+++ GIVEN DATA +++

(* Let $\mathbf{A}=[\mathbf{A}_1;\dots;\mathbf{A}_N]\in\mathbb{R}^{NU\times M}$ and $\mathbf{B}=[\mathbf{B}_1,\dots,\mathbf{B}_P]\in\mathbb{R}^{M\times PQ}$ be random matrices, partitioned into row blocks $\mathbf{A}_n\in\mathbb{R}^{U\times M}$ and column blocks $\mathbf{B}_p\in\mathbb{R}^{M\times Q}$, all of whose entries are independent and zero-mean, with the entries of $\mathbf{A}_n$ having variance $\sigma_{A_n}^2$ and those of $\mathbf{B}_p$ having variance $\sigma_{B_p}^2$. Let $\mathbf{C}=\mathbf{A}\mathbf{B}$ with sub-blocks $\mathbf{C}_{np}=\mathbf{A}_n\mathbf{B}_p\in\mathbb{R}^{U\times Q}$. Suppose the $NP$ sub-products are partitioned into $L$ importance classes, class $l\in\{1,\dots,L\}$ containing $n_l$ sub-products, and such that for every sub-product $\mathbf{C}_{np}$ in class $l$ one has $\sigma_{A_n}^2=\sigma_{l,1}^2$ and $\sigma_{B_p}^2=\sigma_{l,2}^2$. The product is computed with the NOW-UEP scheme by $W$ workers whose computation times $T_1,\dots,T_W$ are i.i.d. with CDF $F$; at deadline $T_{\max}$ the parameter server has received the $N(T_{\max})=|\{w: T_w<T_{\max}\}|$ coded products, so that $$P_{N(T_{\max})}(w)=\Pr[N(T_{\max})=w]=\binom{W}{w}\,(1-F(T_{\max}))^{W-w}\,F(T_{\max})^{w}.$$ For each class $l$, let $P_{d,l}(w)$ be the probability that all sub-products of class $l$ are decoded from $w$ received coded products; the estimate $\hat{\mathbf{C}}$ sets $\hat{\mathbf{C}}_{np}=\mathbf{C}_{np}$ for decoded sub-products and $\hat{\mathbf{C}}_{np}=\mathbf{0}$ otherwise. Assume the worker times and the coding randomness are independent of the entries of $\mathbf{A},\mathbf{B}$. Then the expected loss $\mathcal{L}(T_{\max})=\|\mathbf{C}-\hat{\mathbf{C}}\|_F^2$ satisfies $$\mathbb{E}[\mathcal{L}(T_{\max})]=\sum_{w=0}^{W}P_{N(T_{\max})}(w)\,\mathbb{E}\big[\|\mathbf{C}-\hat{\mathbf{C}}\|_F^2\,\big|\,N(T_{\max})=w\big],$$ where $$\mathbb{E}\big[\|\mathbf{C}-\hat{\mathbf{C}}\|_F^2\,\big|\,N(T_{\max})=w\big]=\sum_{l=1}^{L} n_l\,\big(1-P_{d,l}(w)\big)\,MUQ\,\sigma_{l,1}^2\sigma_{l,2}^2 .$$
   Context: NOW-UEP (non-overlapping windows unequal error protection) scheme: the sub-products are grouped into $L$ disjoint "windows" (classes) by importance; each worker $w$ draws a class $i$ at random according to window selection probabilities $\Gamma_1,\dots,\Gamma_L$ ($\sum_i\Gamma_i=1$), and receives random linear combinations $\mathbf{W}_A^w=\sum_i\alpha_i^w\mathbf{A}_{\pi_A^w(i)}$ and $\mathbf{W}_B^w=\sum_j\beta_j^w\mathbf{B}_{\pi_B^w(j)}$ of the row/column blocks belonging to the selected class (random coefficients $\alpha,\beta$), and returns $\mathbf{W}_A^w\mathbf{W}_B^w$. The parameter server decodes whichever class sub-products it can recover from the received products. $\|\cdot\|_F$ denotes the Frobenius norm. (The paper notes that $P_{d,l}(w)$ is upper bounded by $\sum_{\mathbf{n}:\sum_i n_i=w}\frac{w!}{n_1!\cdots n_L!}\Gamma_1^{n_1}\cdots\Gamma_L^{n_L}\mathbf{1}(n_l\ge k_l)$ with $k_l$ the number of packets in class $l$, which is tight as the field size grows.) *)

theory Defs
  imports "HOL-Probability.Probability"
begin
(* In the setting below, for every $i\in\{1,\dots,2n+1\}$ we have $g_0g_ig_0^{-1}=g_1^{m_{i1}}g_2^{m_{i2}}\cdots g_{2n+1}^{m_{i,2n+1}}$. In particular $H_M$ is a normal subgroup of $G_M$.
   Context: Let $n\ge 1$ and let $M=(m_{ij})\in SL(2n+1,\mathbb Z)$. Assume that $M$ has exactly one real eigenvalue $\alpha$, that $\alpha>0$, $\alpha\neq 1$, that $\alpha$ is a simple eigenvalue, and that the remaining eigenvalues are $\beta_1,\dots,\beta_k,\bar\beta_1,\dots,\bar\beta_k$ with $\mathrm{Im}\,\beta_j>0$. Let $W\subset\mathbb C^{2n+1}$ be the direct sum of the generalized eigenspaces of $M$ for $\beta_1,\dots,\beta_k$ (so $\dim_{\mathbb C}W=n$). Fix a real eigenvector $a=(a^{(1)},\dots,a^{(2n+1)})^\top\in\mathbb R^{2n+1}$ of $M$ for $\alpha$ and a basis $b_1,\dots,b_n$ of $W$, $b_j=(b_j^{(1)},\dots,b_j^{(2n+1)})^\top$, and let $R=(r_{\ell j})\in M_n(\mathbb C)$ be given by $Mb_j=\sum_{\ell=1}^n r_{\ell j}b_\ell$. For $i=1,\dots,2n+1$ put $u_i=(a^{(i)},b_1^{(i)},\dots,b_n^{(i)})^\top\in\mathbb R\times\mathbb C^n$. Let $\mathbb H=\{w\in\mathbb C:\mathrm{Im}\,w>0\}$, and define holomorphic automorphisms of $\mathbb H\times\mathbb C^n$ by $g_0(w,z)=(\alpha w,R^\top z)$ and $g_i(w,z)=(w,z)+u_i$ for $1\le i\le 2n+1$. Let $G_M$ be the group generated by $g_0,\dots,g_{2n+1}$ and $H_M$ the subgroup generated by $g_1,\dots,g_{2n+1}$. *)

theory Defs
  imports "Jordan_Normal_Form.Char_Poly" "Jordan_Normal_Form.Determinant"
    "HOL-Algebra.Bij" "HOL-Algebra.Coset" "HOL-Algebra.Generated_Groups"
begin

+++

▶ PROBLEM DESCRIPTION:
Both the line containing "Context: NOW-UEP (non-overlapping" and the line containing "(* In the setting" belong in the answer. Print them and every line above that falls between them exactly, and no others.

▶ WRITTEN RESPONSE:
   Context: NOW-UEP (non-overlapping windows unequal error protection) scheme: the sub-products are grouped into $L$ disjoint "windows" (classes) by importance; each worker $w$ draws a class $i$ at random according to window selection probabilities $\Gamma_1,\dots,\Gamma_L$ ($\sum_i\Gamma_i=1$), and receives random linear combinations $\mathbf{W}_A^w=\sum_i\alpha_i^w\mathbf{A}_{\pi_A^w(i)}$ and $\mathbf{W}_B^w=\sum_j\beta_j^w\mathbf{B}_{\pi_B^w(j)}$ of the row/column blocks belonging to the selected class (random coefficients $\alpha,\beta$), and returns $\mathbf{W}_A^w\mathbf{W}_B^w$. The parameter server decodes whichever class sub-products it can recover from the received products. $\|\cdot\|_F$ denotes the Frobenius norm. (The paper notes that $P_{d,l}(w)$ is upper bounded by $\sum_{\mathbf{n}:\sum_i n_i=w}\frac{w!}{n_1!\cdots n_L!}\Gamma_1^{n_1}\cdots\Gamma_L^{n_L}\mathbf{1}(n_l\ge k_l)$ with $k_l$ the number of packets in class $l$, which is tight as the field size grows.) *)

theory Defs
  imports "HOL-Probability.Probability"
begin
(* In the setting below, for every $i\in\{1,\dots,2n+1\}$ we have $g_0g_ig_0^{-1}=g_1^{m_{i1}}g_2^{m_{i2}}\cdots g_{2n+1}^{m_{i,2n+1}}$. In particular $H_M$ is a normal subgroup of $G_M$.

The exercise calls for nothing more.